[Records from a data source]
lemma wrong_prefix_step:
  assumes "i + 1 < m" "c < q"
    and previous: "\<And>a. a < q \<Longrightarrow> \<exists>e. \<forall>b<q. b \<noteq> e \<longrightarrow> wrong_prefix i b a"
  shows "\<exists>e. \<forall>a<q. a \<noteq> e \<longrightarrow> wrong_prefix (i + 1) a c"
proof -
  obtain e where e: "\<And>a b. a < q \<Longrightarrow> b < q \<Longrightarrow> b \<noteq> e a \<Longrightarrow> wrong_prefix i b a"
    using previous by metis
  define z where "z b = restrict ((\<lambda>_. 0)(i := b, i + 2 := c)) {0..<m}" for b
  have z_configs: "z b \<in> configs q {0..<m}" if "b < q" for b
    unfolding z_def using that assms three_le_q by (intro restrict_in_configs) auto
  define h where "h b = f (i + 1) (z b)" for b
  obtain a\<^sub>0 where a\<^sub>0: "\<And>a. a < q \<Longrightarrow> a \<noteq> a\<^sub>0 \<Longrightarrow> \<exists>b<q. b \<noteq> e a \<and> h b \<noteq> a"
    using all_but_one_escape[OF three_le_q] by metis
  have "wrong_prefix (i + 1) a c" if a: "a < q" "a \<noteq> a\<^sub>0" for a
  proof -
    obtain b where b: "b < q" "b \<noteq> e a" "h b \<noteq> a" using a\<^sub>0 a by blast
    obtain y where y: "y \<in> configs q {0..<m}" "y i = b" "y (i + 1) = a" "\<forall>j\<le>i. f j y \<noteq> y j"
      using e[OF a(1) b(1,2)] assms(1) unfolding wrong_prefix_def by auto
    define y' where "y' = restrict (y(i + 2 := c)) {0..<m}"
    have y'_configs: "y' \<in> configs q {0..<m}"
      unfolding y'_def using y(1) assms(2)
      by (intro restrict_in_configs) (auto intro: configs_value_less)
    have "f j y' = f j y" if "j \<le> i" for j
      using that assms(1) y(1) y'_configs by (intro guess_cong) (auto simp: y'_def)
    moreover have "f (i + 1) y' = h b"
      unfolding h_def using assms(1) y'_configs z_configs[OF b(1)] y(2)
      by (intro guess_cong) (auto simp: y'_def z_def)
    ultimately have "\<forall>j\<le>i + 1. f j y' \<noteq> y' j"
      using y(3,4) b(3) assms(1) by (auto simp: y'_def le_Suc_eq)
    then show ?thesis
      unfolding wrong_prefix_def using y'_configs y(3) assms(1)
      by (intro bexI[of _ y']) (auto simp: y'_def)
  qed
  then show ?thesis by blast
qed

lemma wrong_prefix_all_but_one:
  "i < m \<Longrightarrow> c < q \<Longrightarrow> \<exists>e. \<forall>a<q. a \<noteq> e \<longrightarrow> wrong_prefix i a c"
proof (induction i arbitrary: c)
  case 0
  then show ?case using wrong_prefix_first by blast
next
  case (Suc i)
  then show ?case using wrong_prefix_step[of i c] by simp
qed

lemma exists_all_wrong: "\<exists>y\<in>configs q {0..<m}. \<forall>v<m. f v y \<noteq> y v"
proof (cases "m = 0")
  case True
  have "restrict (\<lambda>_. 0) {0..<m} \<in> configs q {0..<m}"
    by (intro restrict_in_configs) (simp add: True)
  then show ?thesis by (auto simp: True)
next
  case False
  then obtain e where e: "\<forall>a<q. a \<noteq> e \<longrightarrow> wrong_prefix (m - 1) a 0"
    using wrong_prefix_all_but_one[of "m - 1" 0] three_le_q by auto
  have "wrong_prefix (m - 1) (if e = 0 then 1 else 0) 0"
    using e three_le_q by auto
  then obtain y where "y \<in> configs q {0..<m}" "\<forall>j\<le>m - 1. f j y \<noteq> y j"
    unfolding wrong_prefix_def by blast
  moreover have "v \<le> m - 1" if "v < m" for v using that by simp
  ultimately show ?thesis by blast
qed

end

lemma path_not_q_solvable:
  assumes "3 \<le> q"
  shows "\<not> q_solvable q {0..<m} (path_E m)"
  using path_guessing.exists_all_wrong[of q m] assms
  unfolding q_solvable_def path_guessing_def by fastforce

lemma remove_edge_commute: "remove_edge E a b = remove_edge E b a"
  unfolding remove_edge_def by (simp add: insert_commute)

lemma mod_add_left_cancel_nat:
  fixes s v w n :: nat
  shows "(s + v) mod n = (s + w) mod n \<longleftrightarrow> v mod n = w mod n"
proof
  assume "(s + v) mod n = (s + w) mod n"
  then show "v mod n = w mod n" by (simp add: mod_eq_iff_dvd_symdiff_nat)
qed (metis mod_add_right_eq)

lemma rotation_succ:
  fixes n s u v :: nat
  assumes "u < n" "v < n" "(s + v) mod n = ((s + u) mod n + 1) mod n"
  shows "v = u + 1 \<or> u + 1 = n \<and> v = 0"
proof -
  have "(s + v) mod n = (s + (u + 1)) mod n" using assms(3) by (simp add: mod_simps)
  then have v: "v mod n = (u + 1) mod n" by (simp only: mod_add_left_cancel_nat)
  show ?thesis
  proof (cases "u + 1 < n")
    case False
    then have "u + 1 = n" using assms(1) by simp
    then show ?thesis using v assms(2) by simp
  qed (use v assms(2) in simp)
qed

lemma cycle_minus_edge_not_q_solvable:
  assumes "3 \<le> q" and "a < n"
  shows "\<not> q_solvable q {0..<n} (remove_edge (cycle_E n) a ((a + 1) mod n))"
proof
  define p where "p i = (a + 1 + i) mod n" for i
  have "inj_on p {0..<n}"
  proof (rule inj_onI)
    fix u v assume "u \<in> {0..<n}" "v \<in> {0..<n}" "p u = p v"
    then show "u = v" unfolding p_def by (simp only: mod_add_left_cancel_nat) simp
  qed
  moreover have "p ` {0..<n} \<subseteq> {0..<n}" using assms(2) by (auto simp: p_def)
  ultimately have "bij_betw p {0..<n} {0..<n}"
    by (simp add: bij_betw_def endo_inj_surj)
  moreover have "path_E n u v"
    if "u \<in> {0..<n}" "v \<in> {0..<n}"
      and "remove_edge (cycle_E n) a ((a + 1) mod n) (p u) (p v)" for u v
  proof -
    have ends: "p (n - 1) = a" "p 0 = (a + 1) mod n" using assms(2) by (simp_all add: p_def)
    have "{p u, p v} \<noteq> {a, (a + 1) mod n}"
      "v = u + 1 \<or> u + 1 = n \<and> v = 0 \<or> u = v + 1 \<or> v + 1 = n \<and> u = 0"
      using that rotation_succ[of u n v "a + 1"] rotation_succ[of v n u "a + 1"]
      unfolding remove_edge_def cycle_E_def p_def by auto
    then show ?thesis using that ends unfolding path_E_def by (auto simp: insert_commute)
  qed
  moreover assume "q_solvable q {0..<n} (remove_edge (cycle_E n) a ((a + 1) mod n))"
  ultimately have "q_solvable q {0..<n} (path_E n)" by (rule q_solvable_transfer)
  then show False using path_not_q_solvable assms(1) by blast
qed

text \<open>\<open>guess t l r\<close> is the colour guessed by a vertex of type \<open>t\<close> whose predecessor
  shows \<open>l\<close> and whose successor shows \<open>r\<close>.\<close>

definition guess_table :: "nat list list list" where
  "guess_table =
    [[[1, 2, 1], [1, 0, 0], [2, 2, 0]],
     [[0, 0, 1], [1, 2, 1], [0, 2, 2]],
     [[2, 2, 1], [0, 1, 1], [0, 2, 0]],
     [[2, 1, 1], [0, 1, 0], [2, 2, 0]],
     [[1, 0, 1], [2, 0, 0], [2, 2, 1]],
     [[0, 2, 0], [0, 1, 1], [2, 2, 1]]]"

definition guess :: "nat \<Rightarrow> nat \<Rightarrow> nat \<Rightarrow> nat" where
  "guess t l r = guess_table ! t ! l ! r"

text \<open>Row \<open>3 * s + t\<close> contains every pair \<open>(x (v + 2), x (v + 3))\<close> that can end a block
  \<open>v, v + 1, v + 2\<close> when \<open>x (n - 1) = s\<close>, \<open>x 0 = t\<close> and all vertices up to \<open>v + 2\<close>
  guess wrong.\<close>

definition block_table :: "(nat \<times> nat) list list" where
  "block_table =
    [[(0,1), (0,2), (1,0), (1,1), (1,2), (2,0), (2,1), (2,2)],
     [(1,0), (2,2)],
     [(0,1), (1,0), (1,1), (2,2)],
     [(0,1), (2,2)],
     [(0,1), (0,2), (1,0), (2,0), (2,2)],
     [(0,1), (0,2), (1,0), (1,1), (2,0), (2,1), (2,2)],
     [(0,1), (0,2), (1,0), (1,1), (2,2)],
     [(0,0), (0,1), (0,2), (1,0), (1,1), (1,2), (2,0), (2,2)],
     [(0,1), (1,0)]]"

definition block_inv :: "nat \<Rightarrow> nat \<Rightarrow> nat \<Rightarrow> nat \<Rightarrow> bool" where
  "block_inv s t a b \<longleftrightarrow> (a, b) \<in> set (block_table ! (3 * s + t))"

lemma less_3_iff: "(x::nat) < 3 \<longleftrightarrow> x = 0 \<or> x = 1 \<or> x = 2"
  by auto

lemma less_6_iff: "(x::nat) < 6 \<longleftrightarrow> x = 0 \<or> x = 1 \<or> x = 2 \<or> x = 3 \<or> x = 4 \<or> x = 5"
  by auto

lemma guess_less: "t < 6 \<Longrightarrow> l < 3 \<Longrightarrow> r < 3 \<Longrightarrow> guess t l r < 3"
  unfolding less_3_iff less_6_iff by (elim disjE; simp add: guess_def guess_table_def)

lemma block_inv_first:
  "a < 3 \<Longrightarrow> b < 3 \<Longrightarrow> c < 3 \<Longrightarrow> d < 3 \<Longrightarrow> e < 3 \<Longrightarrow>
   guess 0 a c \<noteq> b \<Longrightarrow> guess 1 b d \<noteq> c \<Longrightarrow> guess 2 c e \<noteq> d \<Longrightarrow> block_inv a b d e"
  unfolding less_3_iff
  by (elim disjE; simp add: guess_def guess_table_def block_inv_def block_table_def)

• _What you need to do_: Copy the records above exactly, please, but only from the first line through the line containing "q \<Longrightarrow> \<exists>e. \<forall>b<q.".

• _Response_:
lemma wrong_prefix_step:
  assumes "i + 1 < m" "c < q"
    and previous: "\<And>a. a < q \<Longrightarrow> \<exists>e. \<forall>b<q. b \<noteq> e \<longrightarrow> wrong_prefix i b a"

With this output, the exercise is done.